(Input Opens)

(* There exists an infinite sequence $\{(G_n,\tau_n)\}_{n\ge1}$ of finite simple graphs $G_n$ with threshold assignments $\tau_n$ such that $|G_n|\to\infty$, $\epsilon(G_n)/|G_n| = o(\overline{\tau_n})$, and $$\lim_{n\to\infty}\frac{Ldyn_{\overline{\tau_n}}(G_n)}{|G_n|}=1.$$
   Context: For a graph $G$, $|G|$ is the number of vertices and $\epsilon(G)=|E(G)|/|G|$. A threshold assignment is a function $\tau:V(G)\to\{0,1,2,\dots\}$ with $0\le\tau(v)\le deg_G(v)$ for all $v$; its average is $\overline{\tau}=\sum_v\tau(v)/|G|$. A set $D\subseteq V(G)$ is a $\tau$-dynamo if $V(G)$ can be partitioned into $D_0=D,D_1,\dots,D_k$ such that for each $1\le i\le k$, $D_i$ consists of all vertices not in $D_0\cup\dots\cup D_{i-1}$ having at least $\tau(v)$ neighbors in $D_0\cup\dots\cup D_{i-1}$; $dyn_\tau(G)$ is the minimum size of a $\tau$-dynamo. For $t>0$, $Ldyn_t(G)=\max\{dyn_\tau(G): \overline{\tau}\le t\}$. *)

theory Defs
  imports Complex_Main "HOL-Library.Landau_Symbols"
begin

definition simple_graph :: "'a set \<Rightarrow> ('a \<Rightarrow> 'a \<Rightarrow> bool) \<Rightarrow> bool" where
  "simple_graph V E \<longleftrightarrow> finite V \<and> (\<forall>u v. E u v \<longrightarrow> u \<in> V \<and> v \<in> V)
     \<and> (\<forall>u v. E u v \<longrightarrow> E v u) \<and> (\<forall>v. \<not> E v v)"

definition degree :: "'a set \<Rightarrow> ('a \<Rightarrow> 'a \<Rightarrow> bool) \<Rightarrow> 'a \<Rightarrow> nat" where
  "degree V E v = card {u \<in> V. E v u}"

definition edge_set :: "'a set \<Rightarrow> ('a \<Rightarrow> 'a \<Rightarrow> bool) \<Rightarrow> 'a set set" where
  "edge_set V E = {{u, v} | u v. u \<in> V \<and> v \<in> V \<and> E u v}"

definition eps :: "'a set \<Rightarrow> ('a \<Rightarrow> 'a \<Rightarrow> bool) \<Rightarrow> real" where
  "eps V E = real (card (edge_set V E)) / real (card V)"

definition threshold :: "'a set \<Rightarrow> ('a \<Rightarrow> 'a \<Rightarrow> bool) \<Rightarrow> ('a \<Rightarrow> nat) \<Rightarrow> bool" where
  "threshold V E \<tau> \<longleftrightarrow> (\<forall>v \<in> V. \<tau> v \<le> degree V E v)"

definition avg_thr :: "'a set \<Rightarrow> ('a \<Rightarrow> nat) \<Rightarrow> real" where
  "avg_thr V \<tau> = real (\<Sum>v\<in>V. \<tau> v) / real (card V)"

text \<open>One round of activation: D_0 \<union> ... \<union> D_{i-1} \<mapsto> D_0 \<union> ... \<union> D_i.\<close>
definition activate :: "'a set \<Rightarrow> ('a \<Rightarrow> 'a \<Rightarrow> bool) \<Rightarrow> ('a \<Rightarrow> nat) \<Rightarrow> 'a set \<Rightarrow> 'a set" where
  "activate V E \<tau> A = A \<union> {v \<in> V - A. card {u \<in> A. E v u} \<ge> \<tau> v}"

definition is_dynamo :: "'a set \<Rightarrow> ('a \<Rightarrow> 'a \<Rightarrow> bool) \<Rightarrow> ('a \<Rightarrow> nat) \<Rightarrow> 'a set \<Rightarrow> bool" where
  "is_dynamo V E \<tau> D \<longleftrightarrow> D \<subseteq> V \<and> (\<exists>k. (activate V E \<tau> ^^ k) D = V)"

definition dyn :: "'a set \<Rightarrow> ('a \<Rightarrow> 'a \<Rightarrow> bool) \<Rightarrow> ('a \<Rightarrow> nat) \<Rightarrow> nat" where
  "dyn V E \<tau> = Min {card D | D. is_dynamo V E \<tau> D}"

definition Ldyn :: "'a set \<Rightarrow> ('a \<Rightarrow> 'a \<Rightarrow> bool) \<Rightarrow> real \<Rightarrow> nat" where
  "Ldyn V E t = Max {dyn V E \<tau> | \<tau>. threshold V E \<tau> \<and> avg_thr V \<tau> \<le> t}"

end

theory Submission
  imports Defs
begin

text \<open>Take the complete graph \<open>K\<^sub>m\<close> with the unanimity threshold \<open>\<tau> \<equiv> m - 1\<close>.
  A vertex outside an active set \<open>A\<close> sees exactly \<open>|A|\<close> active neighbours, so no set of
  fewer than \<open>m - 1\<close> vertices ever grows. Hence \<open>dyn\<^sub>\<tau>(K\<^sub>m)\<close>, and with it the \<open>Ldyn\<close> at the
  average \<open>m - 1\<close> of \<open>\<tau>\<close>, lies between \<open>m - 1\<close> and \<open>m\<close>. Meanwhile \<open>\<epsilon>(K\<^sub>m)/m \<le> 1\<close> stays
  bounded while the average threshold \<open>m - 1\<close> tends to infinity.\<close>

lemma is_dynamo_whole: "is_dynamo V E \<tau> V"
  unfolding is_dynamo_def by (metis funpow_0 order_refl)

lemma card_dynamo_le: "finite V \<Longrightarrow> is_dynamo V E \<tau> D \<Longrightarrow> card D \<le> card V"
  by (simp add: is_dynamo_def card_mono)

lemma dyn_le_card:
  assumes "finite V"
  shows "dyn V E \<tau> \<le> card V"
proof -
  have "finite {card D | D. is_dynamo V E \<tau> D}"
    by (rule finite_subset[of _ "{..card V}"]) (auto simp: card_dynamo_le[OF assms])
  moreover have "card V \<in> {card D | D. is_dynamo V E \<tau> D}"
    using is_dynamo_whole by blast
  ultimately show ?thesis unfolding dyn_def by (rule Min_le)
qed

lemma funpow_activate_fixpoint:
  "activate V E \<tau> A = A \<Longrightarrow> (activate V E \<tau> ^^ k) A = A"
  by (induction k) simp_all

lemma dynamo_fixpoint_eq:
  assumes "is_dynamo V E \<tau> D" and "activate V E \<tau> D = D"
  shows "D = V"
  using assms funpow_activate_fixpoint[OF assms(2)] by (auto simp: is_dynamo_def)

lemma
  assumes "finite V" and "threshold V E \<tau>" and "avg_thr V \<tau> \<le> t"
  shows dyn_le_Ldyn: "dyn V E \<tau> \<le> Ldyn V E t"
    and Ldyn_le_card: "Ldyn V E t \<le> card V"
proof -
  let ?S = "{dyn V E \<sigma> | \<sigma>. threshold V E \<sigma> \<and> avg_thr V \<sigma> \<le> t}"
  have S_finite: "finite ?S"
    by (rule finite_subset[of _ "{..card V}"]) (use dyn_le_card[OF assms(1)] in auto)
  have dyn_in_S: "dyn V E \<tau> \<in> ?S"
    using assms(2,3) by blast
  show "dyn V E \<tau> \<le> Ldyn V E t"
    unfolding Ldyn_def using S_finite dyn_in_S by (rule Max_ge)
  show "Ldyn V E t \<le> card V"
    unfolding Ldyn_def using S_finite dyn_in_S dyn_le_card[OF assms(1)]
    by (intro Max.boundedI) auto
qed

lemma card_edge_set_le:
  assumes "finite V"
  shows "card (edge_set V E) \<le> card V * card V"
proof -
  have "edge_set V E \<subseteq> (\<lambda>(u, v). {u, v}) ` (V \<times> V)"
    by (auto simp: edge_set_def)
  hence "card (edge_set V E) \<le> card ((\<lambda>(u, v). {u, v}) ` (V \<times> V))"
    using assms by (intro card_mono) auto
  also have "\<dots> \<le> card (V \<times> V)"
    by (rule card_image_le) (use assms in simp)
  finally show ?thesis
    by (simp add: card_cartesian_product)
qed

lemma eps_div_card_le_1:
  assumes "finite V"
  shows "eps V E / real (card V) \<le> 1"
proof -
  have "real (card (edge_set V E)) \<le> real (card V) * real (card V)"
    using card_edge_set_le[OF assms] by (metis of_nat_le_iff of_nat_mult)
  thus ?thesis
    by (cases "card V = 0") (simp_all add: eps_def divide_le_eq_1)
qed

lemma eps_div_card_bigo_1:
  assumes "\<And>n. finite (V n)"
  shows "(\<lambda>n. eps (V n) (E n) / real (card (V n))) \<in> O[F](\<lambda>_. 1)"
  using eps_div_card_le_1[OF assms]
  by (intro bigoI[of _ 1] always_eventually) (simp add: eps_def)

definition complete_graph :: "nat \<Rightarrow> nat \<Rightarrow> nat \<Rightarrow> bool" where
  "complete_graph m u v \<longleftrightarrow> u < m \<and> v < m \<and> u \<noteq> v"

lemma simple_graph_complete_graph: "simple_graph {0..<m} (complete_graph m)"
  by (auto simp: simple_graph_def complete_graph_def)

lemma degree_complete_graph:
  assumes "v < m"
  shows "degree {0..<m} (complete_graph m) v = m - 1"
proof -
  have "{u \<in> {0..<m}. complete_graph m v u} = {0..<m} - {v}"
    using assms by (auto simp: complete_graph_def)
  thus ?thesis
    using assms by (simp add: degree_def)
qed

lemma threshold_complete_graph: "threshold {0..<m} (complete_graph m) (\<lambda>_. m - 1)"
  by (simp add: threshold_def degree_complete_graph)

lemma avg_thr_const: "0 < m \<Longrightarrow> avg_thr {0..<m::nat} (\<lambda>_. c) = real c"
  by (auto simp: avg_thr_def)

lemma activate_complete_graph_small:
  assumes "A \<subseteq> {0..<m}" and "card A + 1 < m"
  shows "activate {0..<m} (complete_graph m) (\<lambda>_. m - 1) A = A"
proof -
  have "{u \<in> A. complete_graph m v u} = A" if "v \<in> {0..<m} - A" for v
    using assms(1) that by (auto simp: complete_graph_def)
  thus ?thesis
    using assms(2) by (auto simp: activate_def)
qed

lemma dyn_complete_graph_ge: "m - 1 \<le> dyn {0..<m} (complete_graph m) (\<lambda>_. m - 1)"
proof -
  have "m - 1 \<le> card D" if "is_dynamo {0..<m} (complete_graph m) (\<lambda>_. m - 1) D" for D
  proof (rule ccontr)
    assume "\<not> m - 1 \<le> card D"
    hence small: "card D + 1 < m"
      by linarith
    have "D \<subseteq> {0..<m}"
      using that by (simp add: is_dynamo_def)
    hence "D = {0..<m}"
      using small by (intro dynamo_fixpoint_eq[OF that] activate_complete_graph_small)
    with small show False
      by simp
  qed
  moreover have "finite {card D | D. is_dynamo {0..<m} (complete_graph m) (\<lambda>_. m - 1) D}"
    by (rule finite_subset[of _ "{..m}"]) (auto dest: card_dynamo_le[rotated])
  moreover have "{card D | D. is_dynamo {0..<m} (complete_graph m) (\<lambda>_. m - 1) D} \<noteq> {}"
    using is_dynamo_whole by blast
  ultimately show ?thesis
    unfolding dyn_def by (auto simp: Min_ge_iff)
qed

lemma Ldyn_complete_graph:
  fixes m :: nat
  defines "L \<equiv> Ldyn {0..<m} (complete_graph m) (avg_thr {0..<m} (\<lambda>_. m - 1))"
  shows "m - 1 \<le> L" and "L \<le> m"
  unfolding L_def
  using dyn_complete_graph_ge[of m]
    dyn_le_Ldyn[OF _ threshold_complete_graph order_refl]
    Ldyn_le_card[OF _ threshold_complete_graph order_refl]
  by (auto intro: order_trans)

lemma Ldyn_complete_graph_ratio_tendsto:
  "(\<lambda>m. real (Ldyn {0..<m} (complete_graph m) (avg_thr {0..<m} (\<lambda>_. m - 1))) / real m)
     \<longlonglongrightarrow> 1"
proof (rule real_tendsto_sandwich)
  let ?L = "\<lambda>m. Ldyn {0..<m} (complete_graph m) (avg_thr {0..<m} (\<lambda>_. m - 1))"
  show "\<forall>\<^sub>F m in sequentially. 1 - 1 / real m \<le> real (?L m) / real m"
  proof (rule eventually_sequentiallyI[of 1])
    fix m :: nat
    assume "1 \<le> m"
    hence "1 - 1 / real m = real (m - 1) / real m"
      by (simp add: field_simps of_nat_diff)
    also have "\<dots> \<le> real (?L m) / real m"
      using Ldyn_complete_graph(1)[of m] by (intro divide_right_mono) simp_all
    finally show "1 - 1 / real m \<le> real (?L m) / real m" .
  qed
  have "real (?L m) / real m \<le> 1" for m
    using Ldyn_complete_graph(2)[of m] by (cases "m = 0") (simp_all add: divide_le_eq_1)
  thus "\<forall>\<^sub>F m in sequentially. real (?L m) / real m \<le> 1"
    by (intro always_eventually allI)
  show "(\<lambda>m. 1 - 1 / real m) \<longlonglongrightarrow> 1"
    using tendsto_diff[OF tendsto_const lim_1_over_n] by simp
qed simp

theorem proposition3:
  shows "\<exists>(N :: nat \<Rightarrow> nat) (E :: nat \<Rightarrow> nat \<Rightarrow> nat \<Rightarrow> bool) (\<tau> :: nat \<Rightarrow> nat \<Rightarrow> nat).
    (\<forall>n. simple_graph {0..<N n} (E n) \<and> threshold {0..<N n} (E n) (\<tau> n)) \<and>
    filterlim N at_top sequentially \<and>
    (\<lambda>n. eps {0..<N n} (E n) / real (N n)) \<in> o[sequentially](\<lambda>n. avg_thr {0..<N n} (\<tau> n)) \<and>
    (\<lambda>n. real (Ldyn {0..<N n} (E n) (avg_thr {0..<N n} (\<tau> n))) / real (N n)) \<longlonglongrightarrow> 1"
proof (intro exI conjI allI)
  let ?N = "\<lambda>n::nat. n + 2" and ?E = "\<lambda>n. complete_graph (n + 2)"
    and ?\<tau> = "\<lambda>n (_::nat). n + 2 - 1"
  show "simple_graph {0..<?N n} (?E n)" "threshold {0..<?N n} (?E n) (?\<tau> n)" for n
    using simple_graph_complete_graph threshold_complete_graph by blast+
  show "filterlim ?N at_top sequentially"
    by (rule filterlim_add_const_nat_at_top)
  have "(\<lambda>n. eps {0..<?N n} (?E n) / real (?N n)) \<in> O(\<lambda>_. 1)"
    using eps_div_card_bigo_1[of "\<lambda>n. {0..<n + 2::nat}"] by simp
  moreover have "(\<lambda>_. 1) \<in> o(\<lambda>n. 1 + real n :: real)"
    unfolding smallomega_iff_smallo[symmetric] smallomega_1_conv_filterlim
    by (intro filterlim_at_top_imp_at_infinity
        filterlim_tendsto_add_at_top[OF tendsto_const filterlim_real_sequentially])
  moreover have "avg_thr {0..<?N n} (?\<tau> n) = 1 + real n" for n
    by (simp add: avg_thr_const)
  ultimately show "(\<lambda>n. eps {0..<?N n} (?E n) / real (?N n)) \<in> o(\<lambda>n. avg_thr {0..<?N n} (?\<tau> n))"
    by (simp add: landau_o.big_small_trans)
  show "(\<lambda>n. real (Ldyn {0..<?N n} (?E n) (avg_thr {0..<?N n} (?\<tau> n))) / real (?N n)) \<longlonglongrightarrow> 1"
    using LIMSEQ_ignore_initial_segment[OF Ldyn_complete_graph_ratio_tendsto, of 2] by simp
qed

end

(Input Closes)

Whenever "blast" occurs in a line above, copy that line.

    using is_dynamo_whole by blast
    using assms(2,3) by blast
    using is_dynamo_whole by blast
    using simple_graph_complete_graph threshold_complete_graph by blast+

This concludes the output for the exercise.